- WORK INSTRUCTIONS -
Your answer should consist of the lines in the following data that contain "else".

[SUPPLIED ENTRIES — start]

(* For every graph $H$ (with at least one edge), there exists a constant $c(H) > 0$ such that $p_c(n,H) \geqslant c(H)\, n^{-1/\lambda^*(H)}$ for every $n \in \mathbb{N}$.
   Context: $\lambda^*(H) := \min_{e \in E(H)} \max_{F \subset H - e} \frac{e(F)}{v(F)}$, the maximum being over (nonempty) subgraphs $F$ of $H - e$. The $H$-bootstrap process on $K_n$ starting from $G \subset E(K_n)$: $G_0 = G$, $G_{t+1} = G_t \cup \{e \in E(K_n) : \exists\, H' \cong H,\ e \in H' \subset G_t \cup \{e\}\}$; $\langle G\rangle_H = \bigcup_t G_t$. $G_{n,p}$ is the Erdős–Rényi random graph. $p_c(n,H) = \inf\{p : \mathbb{P}(\langle G_{n,p}\rangle_H = K_n) \geqslant 1/2\}$. *)

theory Defs
  imports Complex_Main
begin

definition is_graph :: "'a set \<Rightarrow> 'a set set \<Rightarrow> bool" where
  "is_graph V E \<longleftrightarrow> finite V \<and> (\<forall>d\<in>E. d \<subseteq> V \<and> card d = 2)"

definition max_density :: "'a set \<Rightarrow> 'a set set \<Rightarrow> real" where
  "max_density V E =
     Max {real (card D) / real (card W) | W D. W \<subseteq> V \<and> W \<noteq> {} \<and> D \<subseteq> E \<and> (\<forall>d\<in>D. d \<subseteq> W)}"

definition lambda_star :: "'a set \<Rightarrow> 'a set set \<Rightarrow> real" where
  "lambda_star V E = Min ((\<lambda>e. max_density V (E - {e})) ` E)"

definition Kn_edges :: "nat \<Rightarrow> nat set set" where
  "Kn_edges n = {{u, v} | u v. u < n \<and> v < n \<and> u \<noteq> v}"

text \<open>One step of the H-bootstrap process on K_n: add every edge e of K_n lying in
  a copy H' of H (image of H under an injective vertex map into [n]) with
  E(H') contained in G plus e.\<close>

definition bstep :: "nat \<Rightarrow> 'a set \<Rightarrow> 'a set set \<Rightarrow> nat set set \<Rightarrow> nat set set" where
  "bstep n V E G = G \<union> {e \<in> Kn_edges n. \<exists>f. inj_on f V \<and> f ` V \<subseteq> {0..<n} \<and>
        e \<in> (\<lambda>d. f ` d) ` E \<and> (\<lambda>d. f ` d) ` E \<subseteq> G \<union> {e}}"

definition bclosure :: "nat \<Rightarrow> 'a set \<Rightarrow> 'a set set \<Rightarrow> nat set set \<Rightarrow> nat set set" where
  "bclosure n V E G = (\<Union>t. (bstep n V E ^^ t) G)"

text \<open>Probability that G(n,p) satisfies the property P (each edge of K_n present
  independently with probability p).\<close>

definition gnp_prob :: "nat \<Rightarrow> real \<Rightarrow> (nat set set \<Rightarrow> bool) \<Rightarrow> real" where
  "gnp_prob n p P = (\<Sum>G\<in>Pow (Kn_edges n).
      if P G then p ^ card G * (1 - p) ^ (card (Kn_edges n) - card G) else 0)"

definition p_c :: "nat \<Rightarrow> 'a set \<Rightarrow> 'a set set \<Rightarrow> real" where
  "p_c n V E = Inf {p. 0 \<le> p \<and> p \<le> 1 \<and>
       gnp_prob n p (\<lambda>G. bclosure n V E G = Kn_edges n) \<ge> 1/2}"

end

theory Submission
  imports Defs "HOL-Library.FuncSet"
begin

text \<open>If the H-bootstrap process started from G \<noteq> K_n fills K_n, then the first edge it adds
  completes a copy of H, so G contains a copy of H - e for some edge e, hence a copy
  of a subgraph F of H - e with e(F) \<ge> \<lambda>*(H) v(F). By the first moment method this happens
  with probability at most n^v(F) p^e(F) \<le> (n p^\<lambda>*)^v(F), which is small once
  p \<le> c n^(-1/\<lambda>*). A union bound over the edges of H, plus the event G = K_n,
  keeps the probability of percolation below 1/2.\<close>

lemma finite_Kn_edges: "finite (Kn_edges n)"
proof -
  have "Kn_edges n \<subseteq> Pow {0..<n}" unfolding Kn_edges_def by auto
  then show ?thesis by (rule finite_subset) simp
qed

lemma card_Kn_edges_pos: "2 \<le> n \<Longrightarrow> 0 < card (Kn_edges n)"
proof -
  assume "2 \<le> n"
  then have "{0, 1} \<in> Kn_edges n" unfolding Kn_edges_def by force
  then show ?thesis using finite_Kn_edges card_gt_0_iff by blast
qed
lemma bpoly_elevate: "bpoly k \<beta> w = bpoly (Suc k) (elevate k \<beta>) w"
proof -
  have "real (Suc k) * bpoly k \<beta> w = (\<Sum>\<alpha>\<in>Gamma k. \<beta> \<alpha> * (real (Suc k) * bern k \<alpha> w))"
    by (simp add: bpoly_def sum_distrib_left mult_ac)
  also have "\<dots> = (\<Sum>\<alpha>\<in>Gamma k.
        (\<Sum>i\<in>UNIV. real (Suc (\<alpha> i)) * (\<beta> (decr i (incr i \<alpha>)) * bern (Suc k) (incr i \<alpha>) w))
        + real (Suc k - mdeg \<alpha>) * (\<beta> \<alpha> * bern (Suc k) \<alpha> w))"
    by (rule sum.cong[OF refl], rule bern_spread) (simp add: Gamma_iff)
  also have "\<dots> = (\<Sum>i\<in>UNIV. \<Sum>\<alpha>\<in>Gamma k. real (Suc (\<alpha> i)) * (\<beta> (decr i (incr i \<alpha>)) * bern (Suc k) (incr i \<alpha>) w))
        + (\<Sum>\<alpha>\<in>Gamma k. real (Suc k - mdeg \<alpha>) * (\<beta> \<alpha> * bern (Suc k) \<alpha> w))"
    by (simp add: sum.distrib sum.swap[of _ "Gamma k"])
  also have "\<dots> = (\<Sum>i\<in>UNIV. \<Sum>\<gamma>\<in>Gamma (Suc k). real (\<gamma> i) * (\<beta> (decr i \<gamma>) * bern (Suc k) \<gamma> w))
        + (\<Sum>\<gamma>\<in>Gamma (Suc k). real (Suc k - mdeg \<gamma>) * (\<beta> \<gamma> * bern (Suc k) \<gamma> w))"
    by (simp only: sum_Gamma_incr sum_Gamma_top)
  also have "\<dots> = (\<Sum>\<gamma>\<in>Gamma (Suc k).
        ((\<Sum>i\<in>UNIV. real (\<gamma> i) * \<beta> (decr i \<gamma>)) + real (Suc k - mdeg \<gamma>) * \<beta> \<gamma>) * bern (Suc k) \<gamma> w)"
    by (simp add: sum.distrib sum.swap[of _ "Gamma (Suc k)"] algebra_simps sum_distrib_left sum_distrib_right)
  also have "\<dots> = real (Suc k) * bpoly (Suc k) (elevate k \<beta>) w"
    unfolding bpoly_def elevate_def elev_sum_def sum_distrib_left
    by (rule sum.cong) (auto simp: Gamma_iff of_nat_diff)
  finally show ?thesis by simp
qed

text \<open>Elevating the constant 1 gives 1, so B_k(1) = 1: the Bernstein basis is a
  partition of unity.\<close>

lemma elev_sum_const: "elev_sum K (\<lambda>_. c) \<alpha> = c * K"
  by (simp add: elev_sum_def mdeg_def algebra_simps sum_distrib_left flip: sum_distrib_right)

lemma bpoly_one: "bpoly k (\<lambda>_. 1) (w::real^'n::finite) = 1"
proof (induction k)
  case 0
  have "Gamma 0 = {(\<lambda>_::'n. 0::nat)}" by (auto simp: Gamma_def fun_eq_iff)
  then show ?case by (simp add: bpoly_def bern_def)
next
  case (Suc k)
  have "elevate k (\<lambda>_::'n\<Rightarrow>nat. 1) = (\<lambda>_. 1)"
    by (simp add: fun_eq_iff elevate_def elev_sum_const del: of_nat_Suc)
  then show ?case using bpoly_elevate[of k "\<lambda>_. 1" w] Suc.IH by simp
qed


subsection \<open>Elevation preserves admissibility\<close>

lemma D1_incr: "D1 \<beta> i \<alpha> = \<beta> (incr i \<alpha>) - \<beta> \<alpha>"
  by (simp add: D1_def incr_def)

lemma D2_D1: "D2 \<beta> t s = D1 (D1 \<beta> s) t"
  by (simp add: D2_def D1_def fun_eq_iff)

lemma D2_sym: "D2 \<beta> i j \<alpha> = D2 \<beta> j i \<alpha>"
  by (simp add: D2_def D1_def add_ac)

definition diag_dom :: "(('n::finite \<Rightarrow> nat) \<Rightarrow> real) \<Rightarrow> 'n \<Rightarrow> ('n \<Rightarrow> nat) \<Rightarrow> bool" where
  "diag_dom \<beta> i \<alpha> \<longleftrightarrow> D2 \<beta> i i \<alpha> - (\<Sum>j\<in>UNIV - {i}. \<bar>D2 \<beta> i j \<alpha>\<bar>) \<ge> 0"

lemma admissible_diag_dom: "admissible k \<beta> \<Longrightarrow> \<alpha> \<in> Gamma (k - 2) \<Longrightarrow> diag_dom \<beta> i \<alpha>"
  by (simp add: admissible_def diag_dom_def)

lemma elev_sum_term_incr:
  "real (incr i \<alpha> m) * \<beta> (decr m (incr i \<alpha>))
     = real (\<alpha> m) * \<beta> (incr i (decr m \<alpha>)) + (if m = i then \<beta> \<alpha> else 0)"
proof (cases "m = i")
  case True
  then show ?thesis
    by (cases "\<alpha> i = 0") (simp_all add: incr_decr algebra_simps)
next
  case False
  then have "incr i \<alpha> m = \<alpha> m" by (simp add: incr_def ev_def)
  with False show ?thesis by (simp add: decr_incr_other)
qed

lemma D1_elev_sum: "D1 (elev_sum K \<beta>) i = elev_sum (K - 1) (D1 \<beta> i)"
proof
  fix \<alpha>
  have "(\<Sum>m\<in>UNIV. real (incr i \<alpha> m) * \<beta> (decr m (incr i \<alpha>)))
      = (\<Sum>m\<in>UNIV. real (\<alpha> m) * \<beta> (incr i (decr m \<alpha>))) + \<beta> \<alpha>"
    by (simp add: elev_sum_term_incr sum.distrib)
  then show "D1 (elev_sum K \<beta>) i \<alpha> = elev_sum (K - 1) (D1 \<beta> i) \<alpha>"
    by (simp add: D1_incr elev_sum_def algebra_simps sum_subtractf)
qed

[SUPPLIED ENTRIES — finish]

- SOLUTION TO THE EXERCISE -
      if P G then p ^ card G * (1 - p) ^ (card (Kn_edges n) - card G) else 0)"
     = real (\<alpha> m) * \<beta> (incr i (decr m \<alpha>)) + (if m = i then \<beta> \<alpha> else 0)"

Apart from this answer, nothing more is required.